→ Problem requirements
Transcribe every record verbatim.

══ Material provided

definition in_A :: "nat \<Rightarrow> real \<Rightarrow> real \<Rightarrow> real \<Rightarrow> (nat \<Rightarrow> int) \<Rightarrow> bool" where
  "in_A n \<delta> \<nu> T y \<longleftrightarrow> (\<forall>i\<in>{1..n}.
     (let k = \<lfloor>\<nu> / T\<rfloor>; excl = (y i \<ge> 1 - k \<and> y i \<le> k - 1) in
      if i = 1 then
        (let B = \<lceil>2 * sqrt n / T\<rceil> + 1 in \<bar>y i\<bar> \<le> B \<and> \<not> excl)
      else if real i > \<delta> * real n then
        \<bar>y i\<bar> \<le> \<lceil>sqrt 8 / (sqrt \<delta> * T)\<rceil> + 1
      else
        (\<exists>j::nat. 1 \<le> j \<and> real j \<le> log 2 (\<delta> * real n) \<and>
           \<delta> * real n / 2^j < real i \<and> real i \<le> \<delta> * real n / 2^(j-1) \<and>
           \<bar>y i\<bar> \<le> \<lceil>2 powr ((real j + 3)/2) / (sqrt \<delta> * T)\<rceil> + 1 \<and> \<not> excl)))"

end

theory Submission
  imports Defs
begin

(* Sort the coordinates of x by decreasing modulus with a permutation tau. The coordinate of
   rank r satisfies r * x (tau r)^2 <= 1, and by incompressibility the first k = floor (delta * n)
   of them exceed nu / sqrt n; through property (a) of Y these two facts give every constraint
   of A(n, delta, nu, T). Both survive when tau is replaced by any sigma with
   sigma {1..e} = tau {1..e} for all e in E = {powers of two <= n} + {k, n}: the prefix of length
   k is unchanged, and every coordinate moves to a position at most twice its rank. So one sigma
   per chain (tau {1..e}) for e in E suffices. Coding each set of the chain by the ranks of its
   elements inside the next set of the chain shows that there are at most
   2^(sum of the successors in E) <= 2^(8n) chains for each of the n values of k, hence at most
   512^n permutations. *)

lemma permutes_sorting:
  fixes f :: "nat \<Rightarrow> 'a::linorder"
  obtains \<tau> where "\<tau> permutes {1..n}" "mono_on {1..n} (\<lambda>r. f (\<tau> r))"
proof
  define xs where "xs = sort_key f [1..<Suc n]"
  have len: "length xs = n" and sorted: "sorted (map f xs)"
    by (simp_all add: xs_def)
  define \<tau> where "\<tau> r = (if r \<in> {1..n} then xs ! (r - 1) else r)" for r
  have "bij_betw (\<lambda>r. r - 1) {1..n} {..<length xs}"
    by (rule bij_betwI[where g = Suc]) (auto simp: len)
  moreover have "bij_betw ((!) xs) {..<length xs} {1..n}"
    by (rule bij_betw_nth) (auto simp: xs_def)
  ultimately have "bij_betw \<tau> {1..n} {1..n}"
    by (rule bij_betw_trans[THEN bij_betw_cong[THEN iffD1, rotated]]) (simp add: \<tau>_def)
  then show "\<tau> permutes {1..n}"
    by (rule bij_imp_permutes) (auto simp: \<tau>_def)
  show "mono_on {1..n} (\<lambda>r. f (\<tau> r))"
  proof (rule mono_onI)
    fix r r' assume "r \<in> {1..n}" "r' \<in> {1..n}" "r \<le> r'"
    then show "f (\<tau> r) \<le> f (\<tau> r')"
      using sorted_nth_mono[OF sorted, of "r - 1" "r' - 1"] len by (simp add: \<tau>_def)
  qed
qed

definition prefix_images :: "(nat \<Rightarrow> nat) \<Rightarrow> nat set \<Rightarrow> nat \<Rightarrow> nat set" where
  "prefix_images \<tau> E = restrict (\<lambda>e. \<tau> ` {1..e}) E"

definition prefix_chains :: "nat \<Rightarrow> nat set \<Rightarrow> (nat \<Rightarrow> nat set) set" where
  "prefix_chains n E = (\<lambda>\<tau>. prefix_images \<tau> E) ` {\<tau>. \<tau> permutes {1..n}}"

definition succ_in :: "nat set \<Rightarrow> nat \<Rightarrow> nat" where
  "succ_in E e = Min {e' \<in> E. e < e'}"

════

→ Result for this task
definition in_A :: "nat \<Rightarrow> real \<Rightarrow> real \<Rightarrow> real \<Rightarrow> (nat \<Rightarrow> int) \<Rightarrow> bool" where
  "in_A n \<delta> \<nu> T y \<longleftrightarrow> (\<forall>i\<in>{1..n}.
     (let k = \<lfloor>\<nu> / T\<rfloor>; excl = (y i \<ge> 1 - k \<and> y i \<le> k - 1) in
      if i = 1 then
        (let B = \<lceil>2 * sqrt n / T\<rceil> + 1 in \<bar>y i\<bar> \<le> B \<and> \<not> excl)
      else if real i > \<delta> * real n then
        \<bar>y i\<bar> \<le> \<lceil>sqrt 8 / (sqrt \<delta> * T)\<rceil> + 1
      else
        (\<exists>j::nat. 1 \<le> j \<and> real j \<le> log 2 (\<delta> * real n) \<and>
           \<delta> * real n / 2^j < real i \<and> real i \<le> \<delta> * real n / 2^(j-1) \<and>
           \<bar>y i\<bar> \<le> \<lceil>2 powr ((real j + 3)/2) / (sqrt \<delta> * T)\<rceil> + 1 \<and> \<not> excl)))"

end

theory Submission
  imports Defs
begin

(* Sort the coordinates of x by decreasing modulus with a permutation tau. The coordinate of
   rank r satisfies r * x (tau r)^2 <= 1, and by incompressibility the first k = floor (delta * n)
   of them exceed nu / sqrt n; through property (a) of Y these two facts give every constraint
   of A(n, delta, nu, T). Both survive when tau is replaced by any sigma with
   sigma {1..e} = tau {1..e} for all e in E = {powers of two <= n} + {k, n}: the prefix of length
   k is unchanged, and every coordinate moves to a position at most twice its rank. So one sigma
   per chain (tau {1..e}) for e in E suffices. Coding each set of the chain by the ranks of its
   elements inside the next set of the chain shows that there are at most
   2^(sum of the successors in E) <= 2^(8n) chains for each of the n values of k, hence at most
   512^n permutations. *)

lemma permutes_sorting:
  fixes f :: "nat \<Rightarrow> 'a::linorder"
  obtains \<tau> where "\<tau> permutes {1..n}" "mono_on {1..n} (\<lambda>r. f (\<tau> r))"
proof
  define xs where "xs = sort_key f [1..<Suc n]"
  have len: "length xs = n" and sorted: "sorted (map f xs)"
    by (simp_all add: xs_def)
  define \<tau> where "\<tau> r = (if r \<in> {1..n} then xs ! (r - 1) else r)" for r
  have "bij_betw (\<lambda>r. r - 1) {1..n} {..<length xs}"
    by (rule bij_betwI[where g = Suc]) (auto simp: len)
  moreover have "bij_betw ((!) xs) {..<length xs} {1..n}"
    by (rule bij_betw_nth) (auto simp: xs_def)
  ultimately have "bij_betw \<tau> {1..n} {1..n}"
    by (rule bij_betw_trans[THEN bij_betw_cong[THEN iffD1, rotated]]) (simp add: \<tau>_def)
  then show "\<tau> permutes {1..n}"
    by (rule bij_imp_permutes) (auto simp: \<tau>_def)
  show "mono_on {1..n} (\<lambda>r. f (\<tau> r))"
  proof (rule mono_onI)
    fix r r' assume "r \<in> {1..n}" "r' \<in> {1..n}" "r \<le> r'"
    then show "f (\<tau> r) \<le> f (\<tau> r')"
      using sorted_nth_mono[OF sorted, of "r - 1" "r' - 1"] len by (simp add: \<tau>_def)
  qed
qed

definition prefix_images :: "(nat \<Rightarrow> nat) \<Rightarrow> nat set \<Rightarrow> nat \<Rightarrow> nat set" where
  "prefix_images \<tau> E = restrict (\<lambda>e. \<tau> ` {1..e}) E"

definition prefix_chains :: "nat \<Rightarrow> nat set \<Rightarrow> (nat \<Rightarrow> nat set) set" where
  "prefix_chains n E = (\<lambda>\<tau>. prefix_images \<tau> E) ` {\<tau>. \<tau> permutes {1..n}}"

definition succ_in :: "nat set \<Rightarrow> nat \<Rightarrow> nat" where
  "succ_in E e = Min {e' \<in> E. e < e'}"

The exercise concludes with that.